AIM OF THE TASK —
Retype, word for word, every line of the records below starting at the one that contains "xs) \<longlonglongrightarrow> cfT" and ending at the one that contains "proof (rule measurable_compose)"; include both of those lines and nothing more.

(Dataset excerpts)
============================================================
lemma nn_integral_power2_indicator_neq_0:
  assumes [measurable]: "f \<in> borel_measurable M" "A \<in> sets M"
    and "(\<integral>\<^sup>+x. ennreal (f x) * indicator A x \<partial>M) \<noteq> 0"
  shows "(\<integral>\<^sup>+x. ennreal ((f x)\<^sup>2) * indicator A x \<partial>M) \<noteq> 0"
proof
  assume "(\<integral>\<^sup>+x. ennreal ((f x)\<^sup>2) * indicator A x \<partial>M) = 0"
  then have "AE x in M. ennreal ((f x)\<^sup>2) * indicator A x = 0"
    by (subst (asm) nn_integral_0_iff_AE) simp_all
  then have "AE x in M. ennreal (f x) * indicator A x = 0"
    by eventually_elim auto
  then have "(\<integral>\<^sup>+x. ennreal (f x) * indicator A x \<partial>M) = 0"
    by (subst nn_integral_0_iff_AE) simp_all
  with assms(3) show False ..
qed

lemma cfT_nonneg: "0 \<le> a \<Longrightarrow> 0 \<le> x \<Longrightarrow> 0 \<le> cfT a x"
  by (simp add: cfT_def)

lemma cfT_less_one: "0 \<le> a \<Longrightarrow> 0 \<le> x \<Longrightarrow> cfT a x < 1"
  by (simp add: cfT_def)

lemma cfT_mono: "0 \<le> a \<Longrightarrow> 0 \<le> x \<Longrightarrow> x \<le> y \<Longrightarrow> cfT a x \<le> cfT a y"
  by (auto simp: cfT_def field_simps)

lemma measurable_cfT [measurable]: "cfT a \<in> borel_measurable borel"
  unfolding cfT_def by measurable

lemma foldr_cfT_nonneg:
  "(\<And>i. 0 \<le> xs i) \<Longrightarrow> 0 \<le> y \<Longrightarrow> 0 \<le> foldr (\<lambda>i. cfT (xs i)) l y"
  by (induction l) (simp_all add: cfT_nonneg)

lemma foldr_cfT_le_one:
  "(\<And>i. 0 \<le> xs i) \<Longrightarrow> 0 \<le> y \<Longrightarrow> y \<le> 1 \<Longrightarrow> foldr (\<lambda>i. cfT (xs i)) l y \<le> 1"
  by (induction l) (simp_all add: foldr_cfT_nonneg cfT_less_one less_imp_le)

lemma foldr_cfT_mono:
  "(\<And>i. 0 \<le> xs i) \<Longrightarrow> 0 \<le> y \<Longrightarrow> y \<le> z \<Longrightarrow>
    foldr (\<lambda>i. cfT (xs i)) l y \<le> foldr (\<lambda>i. cfT (xs i)) l z"
  by (induction l) (simp_all add: foldr_cfT_nonneg cfT_mono)

lemma cf_approx_in_unit: "(\<And>i. 0 \<le> xs i) \<Longrightarrow> cf_approx xs n \<in> {0..1}"
  by (simp add: cf_approx_def foldr_cfT_nonneg foldr_cfT_le_one)

lemma incseq_cf_approx:
  assumes "\<And>i. 0 \<le> xs i"
  shows "incseq (cf_approx xs)"
proof (rule incseq_SucI)
  fix n
  have "cf_approx xs (Suc n) = foldr (\<lambda>i. cfT (xs i)) [0..<n] (cfT (xs n) 0)"
    by (simp add: cf_approx_def)
  then show "cf_approx xs n \<le> cf_approx xs (Suc n)"
    unfolding cf_approx_def using assms by (simp add: foldr_cfT_mono cfT_nonneg)
qed

lemma cf_approx_LIMSEQ:
  assumes "\<And>i. 0 \<le> xs i"
  shows "cf_approx xs \<longlonglongrightarrow> cf xs"
proof -
  have "\<forall>n. cf_approx xs n \<le> 1"
    using cf_approx_in_unit[of xs, OF assms] by simp
  then obtain L where L: "cf_approx xs \<longlonglongrightarrow> L"
    by (rule incseq_convergent[OF incseq_cf_approx[of xs, OF assms]])
  moreover from L have "cf xs = L"
    unfolding cf_def by (rule limI)
  ultimately show ?thesis
    by simp
qed

lemma cf_in_unit:
  assumes "\<And>i. 0 \<le> xs i"
  shows "cf xs \<in> {0..1}"
proof (rule closed_sequentially[OF closed_atLeastAtMost])
  show "cf_approx xs n \<in> {0..1}" for n
    using cf_approx_in_unit[of xs, OF assms] .
  show "cf_approx xs \<longlonglongrightarrow> cf xs"
    using cf_approx_LIMSEQ[of xs, OF assms] .
qed

lemma cf_approx_case_nat_Suc:
  "cf_approx (case_nat s xs) (Suc n) = cfT s (cf_approx xs n)"
  unfolding cf_approx_def
  by (simp add: upt_conv_Cons map_Suc_upt[symmetric] foldr_map o_def del: upt_Suc)

lemma cf_case_nat:
  assumes "\<And>i. 0 \<le> xs i" "0 \<le> s"
  shows "cf (case_nat s xs) = cfT s (cf xs)"
proof (rule LIMSEQ_unique)
  have "\<And>i. 0 \<le> case_nat s xs i"
    using assms by (simp split: nat.split)
  then show "cf_approx (case_nat s xs) \<longlonglongrightarrow> cf (case_nat s xs)"
    by (rule cf_approx_LIMSEQ)
  have "(\<lambda>n. cfT s (cf_approx xs n)) \<longlonglongrightarrow> cfT s (cf xs)"
    unfolding cfT_def using cf_approx_LIMSEQ[of xs] cf_in_unit[of xs] assms
    by (intro tendsto_intros) auto
  then have "(\<lambda>n. cf_approx (case_nat s xs) (Suc n)) \<longlonglongrightarrow> cfT s (cf xs)"
    by (simp add: cf_approx_case_nat_Suc)
  then show "cf_approx (case_nat s xs) \<longlonglongrightarrow> cfT s (cf xs)"
    by (rule LIMSEQ_imp_Suc)
qed

definition cf_law :: "real pmf \<Rightarrow> real measure" where
  "cf_law p = distr (Pi\<^sub>M UNIV (\<lambda>_::nat. measure_pmf p)) borel cf"

lemma mu_eq_cf_law: "mu \<alpha> = cf_law (pmf_of_set {0, \<alpha>})"
  unfolding mu_def cf_law_def ..

lemma measurable_component_pmf [measurable]:
  "(\<lambda>xs. xs i) \<in> borel_measurable (Pi\<^sub>M UNIV (\<lambda>_::nat. measure_pmf (p :: real pmf)))"
proof (rule measurable_compose)
  show "(\<lambda>xs. xs i) \<in> measurable (Pi\<^sub>M UNIV (\<lambda>_::nat. measure_pmf p)) (measure_pmf p)"
    by (rule measurable_component_singleton) simp
qed simp

lemma measurable_cf [measurable]: "cf \<in> borel_measurable (Pi\<^sub>M UNIV (\<lambda>_::nat. measure_pmf (p :: real pmf)))"
proof -
  have "(\<lambda>xs. foldr (\<lambda>i. cfT (xs i)) l 0) \<in> borel_measurable (Pi\<^sub>M UNIV (\<lambda>_::nat. measure_pmf p))" for l
    by (induction l) (simp_all add: cfT_def)
  then show ?thesis
    unfolding cf_def cf_approx_def by (rule borel_measurable_lim_metric)
qed

lemma prob_space_cf_law: "prob_space (cf_law p)"
proof -
  interpret sequence_space "measure_pmf p" ..
  show ?thesis
    unfolding cf_law_def by (rule prob_space.prob_space_distr[OF prob_space_axioms]) simp
qed

lemma AE_cf_law_in_unit:
  assumes "set_pmf p \<subseteq> {0..}"
  shows "AE y in cf_law p. y \<in> {0..1}"
  unfolding cf_law_def
proof (subst AE_distr_iff)
  show "AE \<omega> in Pi\<^sub>M UNIV (\<lambda>_. measure_pmf p). cf \<omega> \<in> {0..1}"
    using AE_PiM_pmf_set[of p]
  proof eventually_elim
    case (elim \<omega>)
    then have "0 \<le> \<omega> i" for i
      using assms by auto
    then show ?case
      by (rule cf_in_unit)
  qed
qed simp_all

lemma nn_integral_cf_law:
  assumes "set_pmf p \<subseteq> {0..}" and [measurable]: "g \<in> borel_measurable borel"
  shows "(\<integral>\<^sup>+y. g y \<partial>cf_law p) = (\<integral>\<^sup>+s. \<integral>\<^sup>+y. g (cfT s y) \<partial>cf_law p \<partial>measure_pmf p)"
proof -
  interpret sequence_space "measure_pmf p" ..
  have "(\<integral>\<^sup>+y. g y \<partial>cf_law p) = (\<integral>\<^sup>+\<omega>. g (cf \<omega>) \<partial>S)"
    unfolding cf_law_def by (simp add: nn_integral_distr)
  also have "\<dots> = (\<integral>\<^sup>+s. \<integral>\<^sup>+\<omega>. g (cf (case_nat s \<omega>)) \<partial>S \<partial>measure_pmf p)"
    by (rule nn_integral_PiM_case_nat) simp
  also have "\<dots> = (\<integral>\<^sup>+s. \<integral>\<^sup>+\<omega>. g (cfT s (cf \<omega>)) \<partial>S \<partial>measure_pmf p)"
  proof (intro nn_integral_cong_AE)
    show "AE s in measure_pmf p. (\<integral>\<^sup>+\<omega>. g (cf (case_nat s \<omega>)) \<partial>S) = (\<integral>\<^sup>+\<omega>. g (cfT s (cf \<omega>)) \<partial>S)"
      using AE_measure_pmf[of p]
    proof eventually_elim
      case (elim s)
      then have "0 \<le> s"
        using assms(1) by auto
      show ?case
        using AE_PiM_pmf_set[of p]
      proof (intro nn_integral_cong_AE, eventually_elim)
        case (elim \<omega>)
        then have "0 \<le> \<omega> i" for i
          using assms(1) by auto
        then show ?case
          using \<open>0 \<le> s\<close> by (simp add: cf_case_nat)
      qed
    qed
  qed
  also have "\<dots> = (\<integral>\<^sup>+s. \<integral>\<^sup>+y. g (cfT s y) \<partial>cf_law p \<partial>measure_pmf p)"
    unfolding cf_law_def by (simp add: nn_integral_distr)
  finally show ?thesis .
qed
============================================================
RESULT OF THIS EXERCISE —
  then show "cf_approx (case_nat s xs) \<longlonglongrightarrow> cfT s (cf xs)"
    by (rule LIMSEQ_imp_Suc)
qed

definition cf_law :: "real pmf \<Rightarrow> real measure" where
  "cf_law p = distr (Pi\<^sub>M UNIV (\<lambda>_::nat. measure_pmf p)) borel cf"

lemma mu_eq_cf_law: "mu \<alpha> = cf_law (pmf_of_set {0, \<alpha>})"
  unfolding mu_def cf_law_def ..

lemma measurable_component_pmf [measurable]:
  "(\<lambda>xs. xs i) \<in> borel_measurable (Pi\<^sub>M UNIV (\<lambda>_::nat. measure_pmf (p :: real pmf)))"
proof (rule measurable_compose)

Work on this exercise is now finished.